A BUNCH OF PUNCTUATION

A collection of peppy poems and clever pictures explains different forms of punctuation.

Rebecca Kai Dotlich’s “A Punctuation Tale” kicks off the proceedings with a punny description of a day full of punctuation; goodnight is “cuddled / in quotation marks.” Ensuing poems discuss the comma, the apostrophe, the dash (“A subdued dude / in tweet and text / he signals what / is coming next”), the colon, the exclamation point, and ellipses. Allan Wolf’s poem about this last is called “…” and begins, “The silent ellipsis… / replaces…words missed.” Prince Redcloud’s “Question Marks” is particularly delightful, with the question “Why?” dancing diagonally down in stair steps. The emphatic answer is a repeated “Because!” Other poems pay tribute to quotation marks, the hyphen, and the period.
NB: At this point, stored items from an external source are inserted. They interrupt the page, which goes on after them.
definition equivariant_poset_map ::
    "('a, 'b) monoid_scheme \<Rightarrow> 'a set set \<Rightarrow> ('a set \<Rightarrow> 'a set) \<Rightarrow> bool" where
  "equivariant_poset_map G S f \<longleftrightarrow> f ` S \<subseteq> S \<and> (\<forall>P \<in> S. \<forall>Q \<in> S. P \<subseteq> Q \<longrightarrow> f P \<subseteq> f Q) \<and>
     (\<forall>g \<in> carrier G. \<forall>P \<in> S. f (conj_set G g P) = conj_set G g (f P))"

lemma equivariant_poset_mapI:
  assumes "\<And>P. P \<in> S \<Longrightarrow> f P \<in> S"
    and "\<And>P Q. P \<in> S \<Longrightarrow> Q \<in> S \<Longrightarrow> P \<subseteq> Q \<Longrightarrow> f P \<subseteq> f Q"
    and "\<And>g P. g \<in> carrier G \<Longrightarrow> P \<in> S \<Longrightarrow> f (conj_set G g P) = conj_set G g (f P)"
  shows "equivariant_poset_map G S f"
  unfolding equivariant_poset_map_def image_subset_iff using assms by simp

lemma equivariant_poset_mapD:
  assumes "equivariant_poset_map G S f"
  shows "P \<in> S \<Longrightarrow> f P \<in> S"
    and "P \<in> S \<Longrightarrow> Q \<in> S \<Longrightarrow> P \<subseteq> Q \<Longrightarrow> f P \<subseteq> f Q"
    and "g \<in> carrier G \<Longrightarrow> P \<in> S \<Longrightarrow> f (conj_set G g P) = conj_set G g (f P)"
  using assms unfolding equivariant_poset_map_def by auto

lemma image_in_orbit_poset:
  assumes F: "equivariant_chain_map G S F" and Ob: "Ob \<in> orbit_poset G S"
  shows "F ` Ob \<in> orbit_poset G S"
proof -
  obtain c where c: "c \<in> chains_poset S" and Ob_eq: "Ob = orbit G (chain_action G) c"
    using Ob unfolding orbit_poset_def orbits_def by auto
  have "F ` Ob = orbit G (chain_action G) (F c)"
    using F c unfolding Ob_eq orbit_def equivariant_chain_map_def by force
  moreover have "F c \<in> chains_poset S"
    using F c unfolding equivariant_chain_map_def by blast
  ultimately show ?thesis
    unfolding orbit_poset_def orbits_def by blast
qed

lemma orbit_poset_nonempty:
  assumes "group G" and "Ob \<in> orbit_poset G S"
  shows "Ob \<noteq> {}"
proof -
  obtain c where "Ob = orbit G (chain_action G) c"
    using assms(2) unfolding orbit_poset_def orbits_def by blast
  then have "chain_action G \<one>\<^bsub>G\<^esub> c \<in> Ob"
    using monoid.one_closed[OF group.is_monoid[OF assms(1)]] unfolding orbit_def by blast
  then show ?thesis by blast
qed

lemma orbit_poset_chain_nonempty:
  assumes "Ob \<in> orbit_poset G S" and "c \<in> Ob"
  shows "c \<noteq> {}"
proof -
  obtain d g where "d \<in> chains_poset S" and "c = chain_action G g d"
    using assms unfolding orbit_poset_def orbits_def orbit_def by blast
  then show ?thesis
    unfolding chains_poset_def chain_action_def by blast
qed

lemma orbit_poset_memberD:
  assumes "Ob \<in> orbit_poset G S" and "c \<in> Ob" and "X \<in> c"
  shows "\<exists>g \<in> carrier G. \<exists>P \<in> S. X = conj_set G g P"
proof -
  obtain d g where "d \<in> chains_poset S" "g \<in> carrier G" "c = chain_action G g d"
    using assms(1,2) unfolding orbit_poset_def orbits_def orbit_def by blast
  then show ?thesis
    using assms(3) unfolding chains_poset_def chain_action_def by blast
qed

lemma homotopic_with_orbit_space:
  assumes "group G" and F: "equivariant_chain_map G S F" and H: "equivariant_chain_map G S H"
    and FH: "\<And>c. F c \<subseteq> H c"
  shows "homotopic_with (\<lambda>_. True) (orbit_space G S) (orbit_space G S) (image F) (image H)"
proof (rule homotopic_with_poset_topology)
  have "mono F" "mono H"
    using F H unfolding equivariant_chain_map_def by blast+
  then show "orbit_le (F ` Ob) (F ` Ob')" "orbit_le (H ` Ob) (H ` Ob')"
    if "orbit_le Ob Ob'" for Ob Ob'
    using that unfolding orbit_le_def by (meson image_eqI monoD)+
  show "image F ` orbit_poset G S \<subseteq> orbit_poset G S" "image H ` orbit_poset G S \<subseteq> orbit_poset G S"
    using image_in_orbit_poset[OF F] image_in_orbit_poset[OF H] by blast+
  show "orbit_le (F ` Ob) (H ` Ob)" if Ob: "Ob \<in> orbit_poset G S" for Ob
  proof -
    obtain c where "c \<in> Ob"
      using orbit_poset_nonempty[OF \<open>group G\<close> Ob] by blast
    then show ?thesis
      unfolding orbit_le_def using FH[of c] by blast
  qed
qed

lemma equivariant_chain_map_image_Un:
  assumes f: "equivariant_poset_map G S f" and g: "equivariant_poset_map G S g"
    and fg: "\<forall>P \<in> S. \<forall>Q \<in> S. P \<subseteq> Q \<or> Q \<subseteq> P \<longrightarrow> f P \<subseteq> g Q \<or> g Q \<subseteq> f P"
  shows "equivariant_chain_map G S (\<lambda>c. f ` c \<union> g ` c)"
proof -
  note mono_f = equivariant_poset_mapD(2)[OF f] and mono_g = equivariant_poset_mapD(2)[OF g]
  have comparable: "a \<subseteq> b \<or> b \<subseteq> a"
    if c: "c \<in> chains_poset S" and ab: "a \<in> f ` c \<union> g ` c" "b \<in> f ` c \<union> g ` c" for a b c
  proof -
    obtain P Q where in_c: "P \<in> c" "Q \<in> c" and a: "a = f P \<or> a = g P" and b: "b = f Q \<or> b = g Q"
      using ab by blast
    have S: "P \<in> S" "Q \<in> S" and PQ: "P \<subseteq> Q \<or> Q \<subseteq> P"
      using c in_c unfolding chains_poset_def by blast+
    have "f P \<subseteq> f Q \<or> f Q \<subseteq> f P" "g P \<subseteq> g Q \<or> g Q \<subseteq> g P"
      using PQ mono_f[OF S] mono_f[OF S(2,1)] mono_g[OF S] mono_g[OF S(2,1)] by blast+
    moreover have "f P \<subseteq> g Q \<or> g Q \<subseteq> f P" "f Q \<subseteq> g P \<or> g P \<subseteq> f Q"
      using fg[rule_format, OF S] fg[rule_format, OF S(2,1)] PQ by blast+
    ultimately show ?thesis
      using a b by blast
  qed
  have "f ` c \<union> g ` c \<in> chains_poset S" if c: "c \<in> chains_poset S" for c
  proof -
    have "c \<noteq> {}" "c \<subseteq> S"
      using c unfolding chains_poset_def by blast+
    then have "f ` c \<union> g ` c \<noteq> {}" "f ` c \<union> g ` c \<subseteq> S"
      using equivariant_poset_mapD(1)[OF f] equivariant_poset_mapD(1)[OF g] by blast+
    with comparable[OF c] show ?thesis
      unfolding chains_poset_def by blast
  qed
  moreover have "f ` chain_action G x c \<union> g ` chain_action G x c = chain_action G x (f ` c \<union> g ` c)"
    if "x \<in> carrier G" and c: "c \<in> chains_poset S" for x c
  proof -
    have "c \<subseteq> S"
      using c unfolding chains_poset_def by blast
    then have "(\<lambda>P. h (conj_set G x P)) ` c = (\<lambda>P. conj_set G x (h P)) ` c"
      if "equivariant_poset_map G S h" for h
      using equivariant_poset_mapD(3)[OF that \<open>x \<in> carrier G\<close>] by (intro image_cong) auto
    then show ?thesis
      unfolding chain_action_def image_Un image_image using f g by presburger
  qed
  moreover have "mono (\<lambda>c. f ` c \<union> g ` c)"
    by (intro monoI Un_mono image_mono)
  ultimately show ?thesis
    unfolding equivariant_chain_map_def by blast
qed

lemma homotopic_with_orbit_space_induced:
  assumes "group G" and f: "equivariant_poset_map G S f" and g: "equivariant_poset_map G S g"
    and fg: "\<forall>P \<in> S. \<forall>Q \<in> S. P \<subseteq> Q \<or> Q \<subseteq> P \<longrightarrow> f P \<subseteq> g Q \<or> g Q \<subseteq> f P"
  shows "homotopic_with (\<lambda>_. True) (orbit_space G S) (orbit_space G S)
           (image (image f)) (image (image g))"
proof -
  have induced: "equivariant_chain_map G S (image h)" if h: "equivariant_poset_map G S h" for h
  proof -
    have "\<forall>P \<in> S. \<forall>Q \<in> S. P \<subseteq> Q \<or> Q \<subseteq> P \<longrightarrow> h P \<subseteq> h Q \<or> h Q \<subseteq> h P"
      using equivariant_poset_mapD(2)[OF h] by blast
    from equivariant_chain_map_image_Un[OF h h this] show ?thesis
      by simp
  qed
  have union: "equivariant_chain_map G S (\<lambda>c. f ` c \<union> g ` c)"
    using equivariant_chain_map_image_Un[OF f g fg] .
  have f_union: "homotopic_with (\<lambda>_. True) (orbit_space G S) (orbit_space G S)
      (image (image f)) (image (\<lambda>c. f ` c \<union> g ` c))"
    using homotopic_with_orbit_space[OF \<open>group G\<close> induced[OF f] union Un_upper1] .
  have g_union: "homotopic_with (\<lambda>_. True) (orbit_space G S) (orbit_space G S)
      (image (image g)) (image (\<lambda>c. f ` c \<union> g ` c))"
    using homotopic_with_orbit_space[OF \<open>group G\<close> induced[OF g] union Un_upper2] .
  show ?thesis
    using homotopic_with_trans[OF f_union homotopic_with_symD[OF g_union]] .
qed

lemma contractible_orbit_space:
  assumes "group G"
    and "homotopic_with (\<lambda>_. True) (orbit_space G S) (orbit_space G S) id (image (image (\<lambda>_. N)))"
  shows "contractible_space (orbit_space G S)"
proof -
  have const: "image (image (\<lambda>_. N)) Ob = {{N}}" if Ob: "Ob \<in> orbit_poset G S" for Ob
  proof -
    have "image (\<lambda>_. N) c = {N}" if "c \<in> Ob" for c
      using orbit_poset_chain_nonempty[OF Ob that] by (simp add: image_constant_conv)
    then have "image (image (\<lambda>_. N)) Ob = image (\<lambda>_. {N}) Ob"
      by (rule image_cong[OF refl])
    then show ?thesis
      using orbit_poset_nonempty[OF \<open>group G\<close> Ob] by (simp add: image_constant_conv)
  qed
  have "homotopic_with (\<lambda>_. True) (orbit_space G S) (orbit_space G S) id (\<lambda>_. {{N}})"
    by (rule homotopic_with_eq[OF assms(2)]) (simp_all add: const)
  then show ?thesis
    unfolding contractible_space_def by blast
qed

section \<open>\<open>p\<close>-subgroups\<close>

lemma (in group) prime_power_card_subgroup:
  assumes "prime p" and "order G = p ^ n" and "subgroup H G"
  shows "\<exists>i. card H = p ^ i" and "\<exists>j. card (rcosets H) = p ^ j"
  using lagrange[OF assms(3)] divides_primepow_nat[OF assms(1)] assms(2)
  by (metis dvd_triv_right, metis dvd_triv_left)

lemma (in group) subset_set_mult_normal:
  assumes "N \<lhd> G" and "subgroup P G"
  shows "N \<subseteq> N <#> P" and "P \<subseteq> N <#> P"
proof -
  interpret second_isomorphism_grp N G P
    using assms unfolding second_isomorphism_grp_def second_isomorphism_grp_axioms_def by blast
  show "N \<subseteq> N <#> P" "P \<subseteq> N <#> P"
    by (fact H_contained_in_set_mult S_contained_in_set_mult)+
qed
Michele Kruger explains “The Purpose of Parentheses”: “inside a pair / ( ) ( ) ( ) ( ) ( ) ( ) ( ) ( ) / of slender curves / we’ll hold your few / inserted words.” The final poem is editor Hopkins’ own, “Lines Written for You to Think About” (inspired by Carl Sandburg), urging young readers to write their own verses employing (what else?) punctuation. The 12 poets included work with a variety of devices and styles for an always-fresh feel. Bloch’s illustrations are delightfully surprising, both illustrating each poem’s key points and playfully riffing on the punctuation itself.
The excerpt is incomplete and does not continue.